[Collected data entries]
(* Let $A\in\mathbb{R}^{n\times n}$ be symmetric with all eigenvalues in $[\mu,L]$, where $0<\mu\le L$, let $b\in\mathbb{R}^n$, and let $f(x)=\frac12 x^\top A x-b^\top x$, with unique minimizer $x^*=A^{-1}b$. Fix a step size $0<\eta\le \frac{2}{L+\mu}$, a window length $m\ge 1$, a regularization parameter $\lambda>0$, and an initial point $x_0\in\mathbb{R}^n$. Let $(x_k)_{k\ge0}$ be generated by Anderson-accelerated gradient descent with relaxation parameter $\beta=1$ (described in the context), and assume $\nabla f(x_k)\neq 0$ for the indices considered. Then for every $k\ge 0$, $$\frac{\|\nabla f(x_{k+1})\|}{\|\nabla f(x_k)\|}\le \delta_k(1-\eta\mu),\qquad \delta_k:=\frac{\|\Pi_k\nabla f(x_k)\|}{\|\nabla f(x_k)\|}\le 1,$$ where $\Pi_k=I-U_k(U_k^\top U_k+\lambda I)^{-1}U_k^\top$. Moreover, for every $k\ge0$, $$\|x_{k+1}-x^*\|\le \Big(\prod_{j=0}^{k}\delta_j\Big)(1-\eta\mu)^{k+1}\frac{L}{\mu}\,\|x_0-x^*\|.$$
   Context: Norms are Euclidean $\ell^2$ norms (operator norm for matrices). Let $G(x)=x-\eta\nabla f(x)$. Anderson-accelerated gradient descent (AA-GD) with $\beta=1$: set $x_1=G(x_0)$; for $k\ge1$, let $m_k=\min\{m,k\}$, let $U_k=[U_{k,k-m_k},\dots,U_{k,k-1}]\in\mathbb{R}^{n\times m_k}$ with columns $U_{k,j}=\nabla f(x_k)-\nabla f(x_j)$, compute the weights $(\alpha^k_{k-m_k},\dots,\alpha^k_{k-1})^\top=(U_k^\top U_k+\lambda I)^{-1}U_k^\top\nabla f(x_k)$ (the minimizer of $\|\nabla f(x_k)-U_k\alpha\|^2+\lambda\|\alpha\|^2$), set $\alpha^k_k=1-\sum_{j=k-m_k}^{k-1}\alpha^k_j$ (so the weights sum to one), and define $x_{k+1}=\sum_{j=k-m_k}^{k}\alpha^k_j G(x_j)$. For $k=0$ the matrix $U_0$ has no columns, so $\Pi_0=I$ and $\delta_0=1$. *)

theory Defs
  imports "HOL-Analysis.Analysis"
begin

text \<open>Quadratic objective f(x) = 1/2 x^T A x - b^T x and its gradient
  (for symmetric A the gradient is A x - b).\<close>
definition quad_f :: "real^'n^'n \<Rightarrow> real^'n \<Rightarrow> real^'n \<Rightarrow> real" where
  "quad_f A b x = (1/2) * (x \<bullet> (A *v x)) - b \<bullet> x"

definition grad_f :: "real^'n^'n \<Rightarrow> real^'n \<Rightarrow> real^'n \<Rightarrow> real^'n" where
  "grad_f A b x = A *v x - b"

definition G_map :: "real^'n^'n \<Rightarrow> real^'n \<Rightarrow> real \<Rightarrow> real^'n \<Rightarrow> real^'n" where
  "G_map A b eta x = x - eta *\<^sub>R grad_f A b x"

definition is_eigenvalue :: "real^'n^'n \<Rightarrow> real \<Rightarrow> bool" where
  "is_eigenvalue A c \<longleftrightarrow> (\<exists>v. v \<noteq> 0 \<and> A *v v = c *\<^sub>R v)"

text \<open>Anderson weights: the vector alpha (indexed by J, zero outside J) solving
  (U^T U + lambda I) alpha = U^T g, where the columns of U are u j (j in J);
  i.e. alpha = (U^T U + lambda I)^{-1} U^T g.\<close>
definition aa_weights :: "(nat \<Rightarrow> real^'n) \<Rightarrow> nat set \<Rightarrow> real^'n \<Rightarrow> real \<Rightarrow> nat \<Rightarrow> real" where
  "aa_weights u J g lam = (THE \<alpha>. (\<forall>j. j \<notin> J \<longrightarrow> \<alpha> j = 0) \<and>
      (\<forall>i\<in>J. (\<Sum>j\<in>J. (u i \<bullet> u j) * \<alpha> j) + lam * \<alpha> i = u i \<bullet> g))"

definition aa_window :: "nat \<Rightarrow> nat \<Rightarrow> nat set" where
  "aa_window m k = {k - min m k ..< k}"

definition aa_U :: "real^'n^'n \<Rightarrow> real^'n \<Rightarrow> (nat \<Rightarrow> real^'n) \<Rightarrow> nat \<Rightarrow> nat \<Rightarrow> real^'n" where
  "aa_U A b x k j = grad_f A b (x k) - grad_f A b (x j)"

definition aa_alpha :: "real^'n^'n \<Rightarrow> real^'n \<Rightarrow> real \<Rightarrow> nat \<Rightarrow> (nat \<Rightarrow> real^'n) \<Rightarrow> nat \<Rightarrow> nat \<Rightarrow> real" where
  "aa_alpha A b lam m x k = aa_weights (aa_U A b x k) (aa_window m k) (grad_f A b (x k)) lam"

text \<open>Pi_k applied to grad f(x_k):  Pi_k g = g - U_k (U_k^T U_k + lambda I)^{-1} U_k^T g.\<close>
definition aa_Pi_grad :: "real^'n^'n \<Rightarrow> real^'n \<Rightarrow> real \<Rightarrow> nat \<Rightarrow> (nat \<Rightarrow> real^'n) \<Rightarrow> nat \<Rightarrow> real^'n" where
  "aa_Pi_grad A b lam m x k = grad_f A b (x k) -
     (\<Sum>j\<in>aa_window m k. aa_alpha A b lam m x k j *\<^sub>R aa_U A b x k j)"

definition aa_delta :: "real^'n^'n \<Rightarrow> real^'n \<Rightarrow> real \<Rightarrow> nat \<Rightarrow> (nat \<Rightarrow> real^'n) \<Rightarrow> nat \<Rightarrow> real" where
  "aa_delta A b lam m x k = norm (aa_Pi_grad A b lam m x k) / norm (grad_f A b (x k))"

text \<open>The AA-GD (beta = 1) update: x_{k+1} = sum_{j in window} alpha_j G(x_j) + alpha_k G(x_k),
  with alpha_k = 1 - sum of the other weights.  For k = 0 the window is empty, so x_1 = G(x_0).\<close>
definition aa_next :: "real^'n^'n \<Rightarrow> real^'n \<Rightarrow> real \<Rightarrow> real \<Rightarrow> nat \<Rightarrow> (nat \<Rightarrow> real^'n) \<Rightarrow> nat \<Rightarrow> real^'n" where
  "aa_next A b eta lam m x k =
     (\<Sum>j\<in>aa_window m k. aa_alpha A b lam m x k j *\<^sub>R G_map A b eta (x j))
     + (1 - (\<Sum>j\<in>aa_window m k. aa_alpha A b lam m x k j)) *\<^sub>R G_map A b eta (x k)"

end

theory Submission
  imports Defs
begin

(*
  Because the Anderson weights sum to one and a gradient step acts affinely, the gradient at
  x_{k+1} is (I - eta A) applied to Pi_k grad f(x_k).  The symmetric matrix I - eta A has its
  spectrum in [1 - eta L, 1 - eta mu], which the step size bound places inside
  [-(1 - eta mu), 1 - eta mu]; hence it contracts by 1 - eta mu, giving the one-step estimate.
  Iterating it and using mu |x - x*| <= |grad f(x)| and |grad f(x_0)| <= L |x_0 - x*| gives the
  estimate for the iterates.  delta_k <= 1 because Pi_k g is the residual of a ridge regression
  of g on the columns of U_k, whose inner product with the fitted part is lam |alpha|^2 >= 0.
  The spectral bounds on quadratic forms come from the variational principle: a maximiser of the
  Rayleigh quotient on the unit sphere is an eigenvector.
*)

lemma linear_le_quadratic_imp_zero:
  fixes a c :: real
  assumes "\<And>t. 2 * t * a \<le> t\<^sup>2 * c"
  shows "a = 0"
proof (rule ccontr)
  assume "a \<noteq> 0"
  define C where "C = \<bar>c\<bar> + 1"
  have "C > 0" "c < C" unfolding C_def by auto
  have "2 * (a / C) * a \<le> (a / C)\<^sup>2 * c" by (rule assms)
  with \<open>C > 0\<close> have "2 * C * a\<^sup>2 \<le> c * a\<^sup>2" by (simp add: field_simps power2_eq_square)
  with \<open>a \<noteq> 0\<close> have "2 * C \<le> c" by simp
  with \<open>C > 0\<close> \<open>c < C\<close> show False by linarith
qed
(* Let $A\subseteq\mathbb{R}^d$ be a rational affine subspace containing some point $\vec{x}\in\mathbb{N}^d$. Then there exists a constant $c>0$ such that for every $p^*\in\mathbb{N}_+$ and every $\vec{y}\in\{\vec{x}+p^*\vec{z}:\vec{z}\in\mathbb{Z}^d\}$ with $\vec{y}\notin A$, the Euclidean distance satisfies $\mathrm{dist}(\vec{y},A)\ge c\,p^*$.
   Context: A rational affine subspace of $\mathbb{R}^d$ is the solution set of a finite system of linear equations $\vec{a}\cdot\vec{z}=b$ with $\vec{a}\in\mathbb{Q}^d$, $b\in\mathbb{Q}$. *)

theory Defs
  imports "HOL-Analysis.Analysis"
begin

definition rational_affine_subspace :: "(real^'n) set \<Rightarrow> bool" where
  "rational_affine_subspace A \<longleftrightarrow>
     (\<exists>E :: ((real^'n) \<times> real) set. finite E \<and>
        (\<forall>(a, b)\<in>E. (\<forall>i. a $ i \<in> \<rat>) \<and> b \<in> \<rat>) \<and>
        A = {z. \<forall>(a, b)\<in>E. a \<bullet> z = b})"

end

theory Submission
  imports Defs
begin

text \<open>Clearing denominators, an equation \<open>a \<bullet> z = b\<close> with rational coefficients takes
  values in \<open>(1/D) \<int>\<close> at integer points. If \<open>y = x + p z\<close> violates it while \<open>x\<close> satisfies it,
  then \<open>a \<bullet> (y - x) = p (a \<bullet> z)\<close> is a nonzero multiple of \<open>p/D\<close>, so by Cauchy-Schwarz every
  point of the hyperplane is at distance at least \<open>p / (D |a|)\<close> from \<open>y\<close>. Taking the least of
  these constants over the finitely many defining equations gives the theorem.\<close>

lemma Rats_common_denominator:
  fixes f :: "'a \<Rightarrow> real"
  assumes "finite S" and "\<forall>i\<in>S. f i \<in> \<rat>"
  shows "\<exists>D::nat. D > 0 \<and> (\<forall>i\<in>S. real D * f i \<in> \<int>)"
  using assms
proof (induction S rule: finite_induct)
  case empty
  show ?case by (rule exI[of _ 1]) simp
next
  case (insert j S)
  then obtain D :: nat where D: "D > 0" "\<forall>i\<in>S. real D * f i \<in> \<int>"
    by auto
  have "f j \<in> \<rat>" using insert.prems by simp
  then obtain m :: int and n :: nat where n: "n > 0" "f j = of_int m / of_nat n"
  proof (rule Rats_cases')
    fix a b :: int
    assume "b > 0" "f j = of_int a / of_int b"
    then show thesis using that[of "nat b" a] by simp
  qed
  have "real (D * n) * f i \<in> \<int>" if "i \<in> insert j S" for i
  proof (cases "i = j")
    case True
    then have "real (D * n) * f i = of_int (int D * m)" using n by simp
    then show ?thesis by (metis Ints_of_int)
  next
    case False
    then have "real (D * n) * f i = real n * (real D * f i)" by simp
    then show ?thesis using D False that by (metis Ints_mult Ints_of_nat insertE)
  qed
  then show ?case using D n by (intro exI[of _ "D * n"]) simp
qed

lemma rational_inner_integer_vector_denominator:
  fixes a :: "real^'n"
  assumes "\<forall>i. a $ i \<in> \<rat>"
  obtains D :: nat where "D > 0"
    and "\<And>z::real^'n. (\<forall>i. z $ i \<in> \<int>) \<Longrightarrow> real D * (a \<bullet> z) \<in> \<int>"
proof -
  obtain D :: nat where D: "D > 0" "\<forall>i\<in>UNIV. real D * a $ i \<in> \<int>"
    using Rats_common_denominator[of UNIV "\<lambda>i. a $ i"] assms by auto
  have "real D * (a \<bullet> z) \<in> \<int>" if z: "\<forall>i. z $ i \<in> \<int>" for z :: "real^'n"
  proof -
    have "real D * (a \<bullet> z) = (\<Sum>i\<in>UNIV. (real D * a $ i) * z $ i)"
      by (simp add: inner_vec_def sum_distrib_left mult.assoc)
    also have "\<dots> \<in> \<int>"
      using D z by (intro Ints_sum) (metis Ints_mult)
    finally show ?thesis .
  qed
  with D show thesis using that by blast
qed

lemma rational_hyperplane_lattice_distance:
  fixes a x :: "real^'n"
  assumes "\<forall>i. a $ i \<in> \<rat>"
  shows "\<exists>c>0. \<forall>(p::nat) z w. (\<forall>i. z $ i \<in> \<int>) \<longrightarrow> a \<bullet> z \<noteq> 0 \<longrightarrow> a \<bullet> w = a \<bullet> x \<longrightarrow>
           c * real p \<le> dist (x + real p *\<^sub>R z) w"
proof -
  obtain D :: nat where D: "D > 0"
    and D_int: "\<And>z::real^'n. (\<forall>i. z $ i \<in> \<int>) \<Longrightarrow> real D * (a \<bullet> z) \<in> \<int>"
    using rational_inner_integer_vector_denominator assms by blast
  define K where "K = real D * (norm a + 1)"
  have K: "K > 0" using D by (simp add: K_def add_nonneg_pos)
  have "real p \<le> K * dist (x + real p *\<^sub>R z) w"
    if z: "\<forall>i. z $ i \<in> \<int>" and az: "a \<bullet> z \<noteq> 0" and aw: "a \<bullet> w = a \<bullet> x"
    for p :: nat and z w
  proof -
    have "1 \<le> \<bar>real D * (a \<bullet> z)\<bar>"
      using D_int[OF z] D az by (intro Ints_nonzero_abs_ge1) auto
    then have "real p * 1 \<le> real p * (real D * \<bar>a \<bullet> z\<bar>)"
      by (intro mult_left_mono) (auto simp: abs_mult)
    then have "real p \<le> real D * (real p * \<bar>a \<bullet> z\<bar>)"
      by (simp add: mult.left_commute)
    also have "real p * \<bar>a \<bullet> z\<bar> = \<bar>a \<bullet> (x + real p *\<^sub>R z - w)\<bar>"
      using aw by (simp add: inner_diff_right inner_add_right abs_mult)
    also have "\<dots> \<le> norm a * dist (x + real p *\<^sub>R z) w"
      by (simp add: dist_norm Cauchy_Schwarz_ineq2)
    also have "\<dots> \<le> (norm a + 1) * dist (x + real p *\<^sub>R z) w"
      by (simp add: mult_right_mono)
    finally show ?thesis
      using D by (simp add: K_def mult_left_mono mult.assoc)
  qed
  with K show ?thesis
    by (intro exI[of _ "1 / K"]) (auto simp: field_simps)
qed

lemma rational_hyperplanes_uniform_lattice_distance:
  fixes x :: "real^'n"
  assumes "finite S" and "\<forall>a\<in>S. \<forall>i. a $ i \<in> \<rat>"
  obtains c where "c > 0"
    and "\<And>a p z w. a \<in> S \<Longrightarrow> \<forall>i. z $ i \<in> \<int> \<Longrightarrow> a \<bullet> z \<noteq> 0 \<Longrightarrow> a \<bullet> w = a \<bullet> x \<Longrightarrow>
           c * real p \<le> dist (x + real p *\<^sub>R z) w"
proof -
  have "\<forall>a\<in>S. \<exists>c>0. \<forall>(p::nat) z w. (\<forall>i. z $ i \<in> \<int>) \<longrightarrow> a \<bullet> z \<noteq> 0 \<longrightarrow>
      a \<bullet> w = a \<bullet> x \<longrightarrow> c * real p \<le> dist (x + real p *\<^sub>R z) w"
    using assms(2) rational_hyperplane_lattice_distance by blast
  then obtain ca where ca_pos: "\<And>a. a \<in> S \<Longrightarrow> ca a > 0"
    and ca_bound: "\<And>a p z w. a \<in> S \<Longrightarrow> \<forall>i. z $ i \<in> \<int> \<Longrightarrow> a \<bullet> z \<noteq> 0 \<Longrightarrow>
      a \<bullet> w = a \<bullet> x \<Longrightarrow> ca a * real p \<le> dist (x + real p *\<^sub>R z) w"
    by metis
  define c where "c = Min (insert 1 (ca ` S))"
  have "c > 0"
    using assms(1) ca_pos by (simp add: c_def)
  moreover have "c * real p \<le> dist (x + real p *\<^sub>R z) w"
    if "a \<in> S" "\<forall>i. z $ i \<in> \<int>" "a \<bullet> z \<noteq> 0" "a \<bullet> w = a \<bullet> x" for a p z w
  proof -
    have "c * real p \<le> ca a * real p"
      using assms(1) that(1) by (intro mult_right_mono) (simp_all add: c_def)
    also have "\<dots> \<le> dist (x + real p *\<^sub>R z) w"
      using ca_bound[OF that] .
    finally show ?thesis .
  qed
  ultimately show thesis by (rule that)
qed

theorem lemma29:
  fixes A :: "(real^'n) set" and x :: "real^'n"
  assumes "rational_affine_subspace A"
    and "x \<in> A"
    and "\<forall>i. x $ i \<in> \<nat>"
  shows "\<exists>c > 0. \<forall>p :: nat. p \<ge> 1 \<longrightarrow>
           (\<forall>z :: real^'n. (\<forall>i. z $ i \<in> \<int>) \<longrightarrow>
              x + real p *\<^sub>R z \<notin> A \<longrightarrow>
              infdist (x + real p *\<^sub>R z) A \<ge> c * real p)"
proof -
  obtain E :: "((real^'n) \<times> real) set" where E: "finite E"
    "\<forall>(a, b)\<in>E. (\<forall>i. a $ i \<in> \<rat>) \<and> b \<in> \<rat>" and A: "A = {z. \<forall>(a, b)\<in>E. a \<bullet> z = b}"
    using assms(1) unfolding rational_affine_subspace_def by blast
  have "\<forall>a\<in>fst ` E. \<forall>i. a $ i \<in> \<rat>" using E(2) by auto
  then obtain c where c: "c > 0" and c_bound: "\<And>a p z w. a \<in> fst ` E \<Longrightarrow> \<forall>i. z $ i \<in> \<int> \<Longrightarrow>
      a \<bullet> z \<noteq> 0 \<Longrightarrow> a \<bullet> w = a \<bullet> x \<Longrightarrow> c * real p \<le> dist (x + real p *\<^sub>R z) w"
    using E(1) rational_hyperplanes_uniform_lattice_distance[of "fst ` E"] by blast
  have "c * real p \<le> infdist (x + real p *\<^sub>R z) A"
    if z: "\<forall>i. z $ i \<in> \<int>" and y: "x + real p *\<^sub>R z \<notin> A" for p :: nat and z
  proof -
    obtain a b where ab: "(a, b) \<in> E" and violated: "a \<bullet> (x + real p *\<^sub>R z) \<noteq> b"
      using y A by auto
    have ax: "a \<bullet> x = b" using assms(2) A ab by auto
    with violated have az: "a \<bullet> z \<noteq> 0" by (auto simp: inner_add_right)
    have a: "a \<in> fst ` E" using ab by force
    have "c * real p \<le> dist (x + real p *\<^sub>R z) w" if "w \<in> A" for w
    proof -
      have "a \<bullet> w = a \<bullet> x" using that A ab ax by auto
      then show ?thesis by (rule c_bound[OF a z az])
    qed
    moreover have "A \<noteq> {}" using assms(2) by auto
    ultimately show ?thesis
      by (simp add: infdist_notempty cINF_greatest)
  qed
  with c show ?thesis by blast
qed

end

What is being asked: Among the records, find all lines that include the string "equations" and return them.

Response box:
   Context: A rational affine subspace of $\mathbb{R}^d$ is the solution set of a finite system of linear equations $\vec{a}\cdot\vec{z}=b$ with $\vec{a}\in\mathbb{Q}^d$, $b\in\mathbb{Q}$. *)
  these constants over the finitely many defining equations gives the theorem.\<close>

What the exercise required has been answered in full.